It is hard to find evidence that the euro has generated more economic benefits than economic costs. Some suggest that the euro is forcing governments to behave more responsibly in trimming their budgets.
But the reality is that its creation created “moral hazard” conditions by reducing borrowing constraints on governments that encouraged out-of-control debt formation. As it was, membership in the euro-zone allowed governments overseeing weaker economies to run larger deficits financed with euro-bonds issued at relatively-low interest rates. Greece’s fiscal train wreck shows what happens when credit markets are lulled into underestimating sovereign risk.
Similarly, uniform interest rates across euro-zone countries led to an illusion of uniform risks so that capital was misallocated as seen in now-deflated property bubbles in Spain & Ireland.

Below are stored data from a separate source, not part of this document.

theorem proposition1:
  fixes l :: real and \<alpha> \<beta> :: "real \<Rightarrow> real"
    and D\<alpha> D\<beta> :: "nat \<Rightarrow> real \<Rightarrow> real" and S :: "real \<Rightarrow> real" and n :: nat
  assumes l_pos: "0 < l"
    and D\<alpha>0: "D\<alpha> 0 = \<alpha>" and D\<beta>0: "D\<beta> 0 = \<beta>"
    and smooth_\<alpha>: "\<And>k s. s \<in> {0..l} \<Longrightarrow> (D\<alpha> k has_real_derivative D\<alpha> (Suc k) s) (at s within {0..l})"
    and smooth_\<beta>: "\<And>k s. s \<in> {0..l} \<Longrightarrow> (D\<beta> k has_real_derivative D\<beta> (Suc k) s) (at s within {0..l})"
    and arclength: "\<And>s. s \<in> {0..l} \<Longrightarrow> (D\<alpha> 1 s)\<^sup>2 + (D\<beta> 1 s)\<^sup>2 = 1"
    and \<alpha>_pos: "\<And>s. s \<in> {0<..<l} \<Longrightarrow> 0 < \<alpha> s"
    and \<alpha>_ends: "\<alpha> 0 = 0" "\<alpha> l = 0"
    and \<beta>'_ends: "D\<beta> 1 0 = 0" "D\<beta> 1 l = 0"
    and S_cont: "continuous_on {0..pi} S"
    and S_range: "S ` {0..pi} \<subseteq> {0..l}"
    and S_ode: "\<And>\<phi>. \<phi> \<in> {0<..<pi} \<Longrightarrow>
                  \<exists>D. (S has_real_derivative D) (at \<phi>) \<and> D * sin \<phi> = \<alpha> (S \<phi>)"
    and S_ends: "S 0 = 0" "S pi = l"
    and symmetric: "\<And>x. x \<in> surfM \<alpha> \<beta> l \<Longrightarrow> reflXY x \<in> surfM \<alpha> \<beta> l"
    and n_pos: "1 \<le> n"
  shows "\<exists>r1 r2 \<omega>0. 0 < r1 \<and> 0 < r2 \<and>
           (\<forall>t. \<forall>i\<in>{1..2*n}. \<forall>j\<in>{1..2*n}. i \<noteq> j \<longrightarrow>
               rot_config n r1 r2 \<omega>0 i t \<noteq> rot_config n r1 r2 \<omega>0 j t) \<and>
           is_pv_solution \<alpha> (D\<alpha> 1) S (2*n) (deg n) (rot_config n r1 r2 \<omega>0) \<and>
           Pmap \<alpha> \<beta> S ` {z. cmod z = r2} = reflXY ` (Pmap \<alpha> \<beta> S ` {z. cmod z = r1})"
proof -
  have "0 \<le> \<alpha> s" if "s \<in> {0..l}" for s using \<alpha>_pos[of s] \<alpha>_ends that by (cases "s = 0 \<or> s = l") auto
  then interpret mirror_symmetric_profile l \<alpha> \<beta> "D\<alpha> 1" "D\<beta> 1"
    using l_pos smooth_\<alpha>[of _ 0] smooth_\<beta>[of _ 0] DERIV_continuous_on[OF smooth_\<alpha>[of _ 1]]
      arclength \<alpha>_pos \<alpha>_ends \<beta>'_ends surfM_reflection_partner[OF symmetric]
    by unfold_locales (auto simp: D\<alpha>0 D\<beta>0)
  obtain u v where uv: "u \<in> {0<..<l}" "v \<in> {0<..<l}" "u \<noteq> v"
      "\<alpha> v = \<alpha> u" "\<beta> v = - \<beta> u" "D\<alpha> 1 v = - D\<alpha> 1 u"
    by (rule mirror_pair)
  obtain r1 r2 where r: "0 < r1" "0 < r2" "r1 \<noteq> r2"
    and circles: "\<And>z. cmod z = r1 \<Longrightarrow> S (sph_angle z) = u" "\<And>z. cmod z = r2 \<Longrightarrow> S (sph_angle z) = v"
    by (rule circles_over_parallels[OF S_cont S_ends uv(1-3)]) (rule that)
  obtain \<omega> where "is_pv_solution \<alpha> (D\<alpha> 1) S (2*n) (deg n) (rot_config n r1 r2 \<omega>)"
    using rot_config_is_pv_solution[of n r1 r2 \<alpha> S "\<alpha> u" "D\<alpha> 1" "D\<alpha> 1 u"] n_pos r circles uv
    by auto
  moreover have "\<forall>t. \<forall>i\<in>{1..2*n}. \<forall>j\<in>{1..2*n}. i \<noteq> j \<longrightarrow>
      rot_config n r1 r2 \<omega> i t \<noteq> rot_config n r1 r2 \<omega> j t"
    using rot_config_inj[OF _ r] n_pos by auto
  moreover have "Pmap \<alpha> \<beta> S ` {z. cmod z = r2} = reflXY ` (Pmap \<alpha> \<beta> S ` {z. cmod z = r1})"
    by (rule Pmap_circles_reflect[where S = S, OF r(1,2) circles]) (use uv in simp_all)
  ultimately show ?thesis using r by blast
qed
lemma no_good_outer_estimator:
  fixes M :: "'y measure"
    and Q :: "'y \<Rightarrow> (real^'p) measure"
    and \<psi> :: "((nat \<Rightarrow> 'y) \<times> (nat \<Rightarrow> real^'p)) \<Rightarrow> ('y \<Rightarrow> real^'p \<Rightarrow> real^'k) \<Rightarrow> real^'k"
  assumes M: "prob_space M"
    and g[measurable]: "g \<in> borel_measurable M"
    and Q: "Q \<in> M \<rightarrow>\<^sub>M prob_algebra borel"
    and var: "\<forall>y\<in>space M. vec_variance (Q y) \<noteq> 0"
    and s: "s * s = 1"
  shows "\<not> good_outer_estimator s M Q g n D \<psi>"
proof
  assume good: "good_outer_estimator s M Q g n D \<psi>"
  define c where "c y x = min 1 (dist x (g y))" for y x
  define h where "h y = (\<integral>x. c y x \<partial>Q y)" for y
  define f :: "'y \<Rightarrow> real^'p \<Rightarrow> real^'k" where "f y x = (- s * c y x) *\<^sub>R 1" for y x
  have c_meas[measurable]: "(\<lambda>(y, x). c y x) \<in> borel_measurable (M \<Otimes>\<^sub>M borel)"
    unfolding c_def by measurable
  have c_bound: "norm (c y x) \<le> 1" for y x
    by (simp add: c_def)
  have c_int: "integrable (Q y) (c y)" if "y \<in> space M" for y
    using c_meas Q that c_bound by (rule integrable_kernel_section_bounded)
  have h_int: "integrable M h"
    unfolding h_def using prob_space.finite_measure[OF M] c_meas Q c_bound
    by (rule integrable_kernel_integral_bounded)
  have h_pos: "0 < (\<integral>y. h y \<partial>M)"
  proof (rule prob_space.integral_pos[OF M h_int])
    show "0 < h y" if "y \<in> space M" for y
      using measurable_space[OF Q that] var that unfolding h_def c_def
      by (intro integral_truncated_dist_pos_if_vec_variance_neq_0) (auto simp: space_prob_algebra)
  qed
  have f_int: "nested_integrable M Q g f"
    using prob_space.finite_measure[OF M] Q g
  proof (rule nested_integrable_bounded)
    show "(\<lambda>(y, x). f y x) \<in> borel_measurable (M \<Otimes>\<^sub>M borel)"
      unfolding f_def by measurable
    show "norm (f y x) \<le> \<bar>s\<bar> * norm (1::real^'k)" for y x
      using c_bound[of y x] by (auto simp: f_def abs_mult intro!: mult_right_mono mult_left_le)
  qed
  have "0 \<le> s *\<^sub>R ((\<integral>y. (\<integral>x. f y x \<partial>Q y) \<partial>M) - (\<integral>y. f y (g y) \<partial>M))"
    using good f_int by (rule good_outer_estimator_bias_sign)
  also have "\<dots> = s *\<^sub>R (\<integral>y. (- s * h y) *\<^sub>R 1 \<partial>M)"
  proof -
    have "(\<integral>x. f y x \<partial>Q y) = (- s * h y) *\<^sub>R 1" if "y \<in> space M" for y
      using c_int[OF that] by (simp add: f_def h_def)
    then show ?thesis
      by (simp add: f_def c_def cong: Bochner_Integration.integral_cong)
  qed
  also have "\<dots> = (- (\<integral>y. h y \<partial>M)) *\<^sub>R 1"
    using s h_int by simp
  finally have "0 \<le> - (\<integral>y. h y \<partial>M)"
    by (simp only: less_eq_vec_def) simp
  with h_pos show False by simp
qed

theorem theorem3:
  fixes M :: "'y measure"
    and Pz :: "'y \<Rightarrow> 'z measure"
    and \<phi> :: "'y \<Rightarrow> 'z \<Rightarrow> real^'p"
    and Q :: "'y \<Rightarrow> (real^'p) measure"
  assumes "prob_space M"
    and "\<forall>y\<in>space M. prob_space (Pz y)"
    and "\<forall>y\<in>space M. integrable (Pz y) (\<phi> y)"
    and "integrable M (gamma Pz \<phi>)"
    and "Q \<in> M \<rightarrow>\<^sub>M prob_algebra borel"
    and "\<forall>y\<in>space M. integrable (Q y) (\<lambda>x. x)"
    and "\<forall>y\<in>space M. vec_variance (Q y) \<noteq> 0"
  shows "\<not> (\<exists>n D (\<psi> :: ((nat \<Rightarrow> 'y) \<times> (nat \<Rightarrow> real^'p)) \<Rightarrow> ('y \<Rightarrow> real^'p \<Rightarrow> real^'k) \<Rightarrow> real^'k).
               good_outer_estimator 1 M Q (gamma Pz \<phi>) n D \<psi>)
       \<and> \<not> (\<exists>n D (\<psi> :: ((nat \<Rightarrow> 'y) \<times> (nat \<Rightarrow> real^'p)) \<Rightarrow> ('y \<Rightarrow> real^'p \<Rightarrow> real^'k) \<Rightarrow> real^'k).
               good_outer_estimator (-1) M Q (gamma Pz \<phi>) n D \<psi>)"
proof -
  have "gamma Pz \<phi> \<in> borel_measurable M"
    using assms(4) by (rule borel_measurable_integrable)
  from no_good_outer_estimator[OF assms(1) this assms(5,7)]
  show ?thesis by (metis mult_1 mult_minus_left minus_minus)
qed

end
(* 1 / K_tau(u) as a power series in u: since G_tau(K_tau(u)) = u and
   G_tau(z) = cauchy tau (1/z), the series 1/K_tau is the compositional
   inverse of cauchy tau. *)
definition recipK :: "moments \<Rightarrow> complex fps" where
  "recipK \<tau> = fps_inv (cauchy \<tau>)"

definition Ktrans :: "moments \<Rightarrow> complex fls" where
  "Ktrans \<tau> = inverse (fps_to_fls (recipK \<tau>))"

definition Rtrans :: "moments \<Rightarrow> complex fls" where
  "Rtrans \<tau> = Ktrans \<tau> - fls_X_inv"

definition boxplus :: "moments \<Rightarrow> moments \<Rightarrow> moments" where
  "boxplus \<mu> \<nu> = (THE \<rho>. \<rho> 0 = 1 \<and> Rtrans \<rho> = Rtrans \<mu> + Rtrans \<nu>)"

(* 1 / F_{tau,rho}(z), F_{tau,rho} = K_tau o G_rho, as power series in w = 1/z *)
definition Finv :: "moments \<Rightarrow> moments \<Rightarrow> complex fps" where
  "Finv \<tau> \<rho> = recipK \<tau> oo cauchy \<rho>"

definition Ftrans :: "moments \<Rightarrow> moments \<Rightarrow> complex fls" where
  "Ftrans \<tau> \<rho> = inverse (fps_to_fls (Finv \<tau> \<rho>))"

(* derivative d/dz of a Laurent series in w = 1/z:  d/dz = - w^2 d/dw *)
definition zderiv :: "complex fls \<Rightarrow> complex fls" where
  "zderiv L = - (fls_X ^ 2 * fls_deriv L)"

(* G_nu(F_{tau,rho}(z)) * F'_{tau,rho}(z), as Laurent series in w = 1/z.
   G_nu(F(z)) = sum_n nu_n F(z)^{-(n+1)} = cauchy nu oo (1/F). *)
definition GF :: "moments \<Rightarrow> moments \<Rightarrow> moments \<Rightarrow> complex fls" where
  "GF \<nu> \<tau> \<rho> = fps_to_fls (cauchy \<nu> oo Finv \<tau> \<rho>) * zderiv (Ftrans \<tau> \<rho>)"

definition is_moment_seq :: "moments \<Rightarrow> bool" where
  "is_moment_seq m \<longleftrightarrow> (\<exists>M :: real measure. prob_space M \<and> sets M = sets borel \<and>
      (\<forall>n. integrable M (\<lambda>x. x ^ n)) \<and> (\<forall>n. m n = complex_of_real (\<integral>x. x ^ n \<partial>M)))"

definition free_semigroup :: "(real \<Rightarrow> moments) \<Rightarrow> bool" where
  "free_semigroup mu \<longleftrightarrow> (\<forall>t\<ge>0. is_moment_seq (mu t) \<and>
      Rtrans (mu t) = fls_const (complex_of_real t) * Rtrans (mu 1))"

(* linear operator on C[x] determined coefficientwise by
   K(1/(z-x)) = 1/(F(z)-x), where f = 1/F as series in w = 1/z:
   K(x^m) = sum_{n<=m} [w^{m+1}] f^{n+1} x^n *)
definition Kop :: "complex fps \<Rightarrow> complex poly \<Rightarrow> complex poly" where
  "Kop f p = (\<Sum>m\<le>degree p. smult (coeff p m)
               (\<Sum>n\<le>m. monom ((f ^ (n+1)) $ (m+1)) n))"

definition Kst :: "(real \<Rightarrow> moments) \<Rightarrow> real \<Rightarrow> real \<Rightarrow> complex poly \<Rightarrow> complex poly" where
  "Kst mu s t = Kop (Finv (mu s) (mu t))"

definition martingale_poly :: "(real \<Rightarrow> moments) \<Rightarrow> (real \<Rightarrow> complex poly) \<Rightarrow> bool" where
  "martingale_poly mu p \<longleftrightarrow> (\<forall>s t. 0 \<le> s \<and> s < t \<longrightarrow> Kst mu s t (p t) = p s)"

definition fluctuation_polys :: "(real \<Rightarrow> moments) \<Rightarrow> (nat \<Rightarrow> real \<Rightarrow> complex poly) \<Rightarrow> bool" where
  "fluctuation_polys mu V \<longleftrightarrow> (\<forall>n\<ge>1. martingale_poly mu (\<lambda>t. pderiv (V n t)) \<and>
      (\<forall>t\<ge>0. pderiv (V n t) \<noteq> 0 \<and> degree (pderiv (V n t)) = n - 1))"

definition pairing :: "moments \<Rightarrow> complex poly \<Rightarrow> complex" where
  "pairing \<phi> p = (\<Sum>i\<le>degree p. coeff p i * \<phi> i)"

definition dual_family :: "(nat \<Rightarrow> real \<Rightarrow> complex poly) \<Rightarrow> (nat \<Rightarrow> real \<Rightarrow> moments) \<Rightarrow> bool" where
  "dual_family V Vs \<longleftrightarrow> (\<forall>n\<ge>1. \<forall>t\<ge>0. Vs n t 0 = 0 \<and>
      (\<forall>k\<ge>1. pairing (Vs n t) (V k t) = (if n = k then 1 else 0)))"

end

theory Submission
  imports Defs
begin

(* Free convolution adds K-transforms up to the constant 1/w, so perturbing tau to tau + eps nu
   changes 1/K of mu boxplus tau in the same relative way as 1/K of tau.  All transforms involved
   are formal power series in w = 1/z whose coefficients depend smoothly on eps, and they can be
   differentiated coefficientwise at eps = 0; differentiating G o K = id for tau and for
   mu boxplus tau turns the relation above into G_nu(F) F' with F = K_tau o G_(mu boxplus tau).
   Part (2) is the case mu = mu_t, tau = mu_s, as R-transforms of the semigroup scale linearly.
   For (3), write G_phi = w^2 E' for phi in M_0; then G_phi(F) F' = w^2 (E o 1/F)' is the Cauchy
   transform of a functional psi with <psi, p> = <phi, q> whenever K_(s,t) p' = q'.  By the
   martingale property of the V_k', psi pairs with the V_k(t) as V_n*(s) pairs with the V_k(s),
   hence psi = V_n*(t). *)

no_notation vec_nth (infixl \<open>$\<close> 90)

section \<open>Coefficientwise derivatives of parametrised power series\<close>

definition has_coeffwise_derivative :: "(real \<Rightarrow> 'a::real_normed_vector fps) \<Rightarrow> 'a fps \<Rightarrow> real \<Rightarrow> bool"
  where "has_coeffwise_derivative A A' x \<longleftrightarrow>
           (\<forall>n. ((\<lambda>e. A e $ n) has_vector_derivative A' $ n) (at x))"

lemma has_coeffwise_derivative_const: "has_coeffwise_derivative (\<lambda>e. C) 0 x"
  by (simp add: has_coeffwise_derivative_def)

lemma has_coeffwise_derivative_add:
  "has_coeffwise_derivative A A' x \<Longrightarrow> has_coeffwise_derivative B B' x \<Longrightarrow>
    has_coeffwise_derivative (\<lambda>e. A e + B e) (A' + B') x"
  by (auto simp: has_coeffwise_derivative_def intro!: has_vector_derivative_add)

lemma has_coeffwise_derivative_diff:
  "has_coeffwise_derivative A A' x \<Longrightarrow> has_coeffwise_derivative B B' x \<Longrightarrow>
    has_coeffwise_derivative (\<lambda>e. A e - B e) (A' - B') x"
  by (auto simp: has_coeffwise_derivative_def intro!: has_vector_derivative_diff)

lemma has_coeffwise_derivative_shift:
  "has_coeffwise_derivative A A' x \<Longrightarrow>
    has_coeffwise_derivative (\<lambda>e. fps_shift k (A e)) (fps_shift k A') x"
  by (simp add: has_coeffwise_derivative_def)

lemma has_coeffwise_derivative_affine:
  fixes C N :: "'a::real_normed_algebra_1 fps"
  shows "has_coeffwise_derivative (\<lambda>e. C + fps_const (of_real e) * N) N x"
  unfolding has_coeffwise_derivative_def
  by (auto intro!: derivative_eq_intros)

lemma has_coeffwise_derivative_mult:
  fixes A B :: "real \<Rightarrow> 'a::real_normed_field fps"
  assumes "has_coeffwise_derivative A A' x" "has_coeffwise_derivative B B' x"
  shows "has_coeffwise_derivative (\<lambda>e. A e * B e) (A x * B' + A' * B x) x"
  unfolding has_coeffwise_derivative_def
proof
  fix n
  have "((\<lambda>e. \<Sum>i=0..n. A e $ i * B e $ (n - i)) has_vector_derivative
      (\<Sum>i=0..n. A x $ i * B' $ (n - i) + A' $ i * B x $ (n - i))) (at x)"
    using assms by (intro has_vector_derivative_sum has_vector_derivative_mult)
      (auto simp: has_coeffwise_derivative_def)
  then show "((\<lambda>e. (A e * B e) $ n) has_vector_derivative (A x * B' + A' * B x) $ n) (at x)"
    by (simp add: fps_mult_nth sum.distrib)
qed

lemma has_coeffwise_derivative_power:
  fixes A :: "real \<Rightarrow> 'a::real_normed_field fps"
  assumes "has_coeffwise_derivative A A' x"
  shows "has_coeffwise_derivative (\<lambda>e. A e ^ i) (of_nat i * A x ^ (i - 1) * A') x"
proof (induction i)
  case 0
  show ?case by (simp add: has_coeffwise_derivative_const)
next
  case (Suc i)
  have "A x * (of_nat i * A x ^ (i - 1) * A') + A' * A x ^ i = of_nat (Suc i) * A x ^ i * A'"
    by (cases i) (simp_all add: algebra_simps)
  with has_coeffwise_derivative_mult[OF assms Suc.IH] show ?case by simp
qed

lemma has_coeffwise_derivative_unique:
  "has_coeffwise_derivative A A' x \<Longrightarrow> has_coeffwise_derivative A A'' x \<Longrightarrow> A' = A''"
  unfolding has_coeffwise_derivative_def fps_eq_iff using vector_derivative_unique_at by blast

lemma has_coeffwise_derivative_nth_eq_0:
  assumes "has_coeffwise_derivative A A' x" "\<And>e. A e $ n = c"
  shows "A' $ n = 0"
proof (rule vector_derivative_unique_at)
  show "((\<lambda>e. A e $ n) has_vector_derivative A' $ n) (at x)"
    using assms(1) by (simp add: has_coeffwise_derivative_def)
  show "((\<lambda>e. A e $ n) has_vector_derivative 0) (at x)"
    by (simp add: assms(2))
qed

Now European politicians want to “throw good money after bad” to bailout Greece & perhaps other southern European governments by trying to spook taxpayers into accepting higher burdens.
One fear tactic is to suggest that the departure of Greece or Spain from the euro-zone could lead to the disintegration of the European Union. But this ignores the fact that many EU member states do not participate in the currency union (e,g., UK, Sweden, Denmark & Poland).
Another scare tactic is that bailouts are necessary to avert sovereign debt defaults in Southern Europe that would unleash financial chaos & a wave of bank failures. However, the biggest risk is that euro-mess will lead to greater centralization of governmental reach & authority in Brussels with more intervention in the economies of Europe.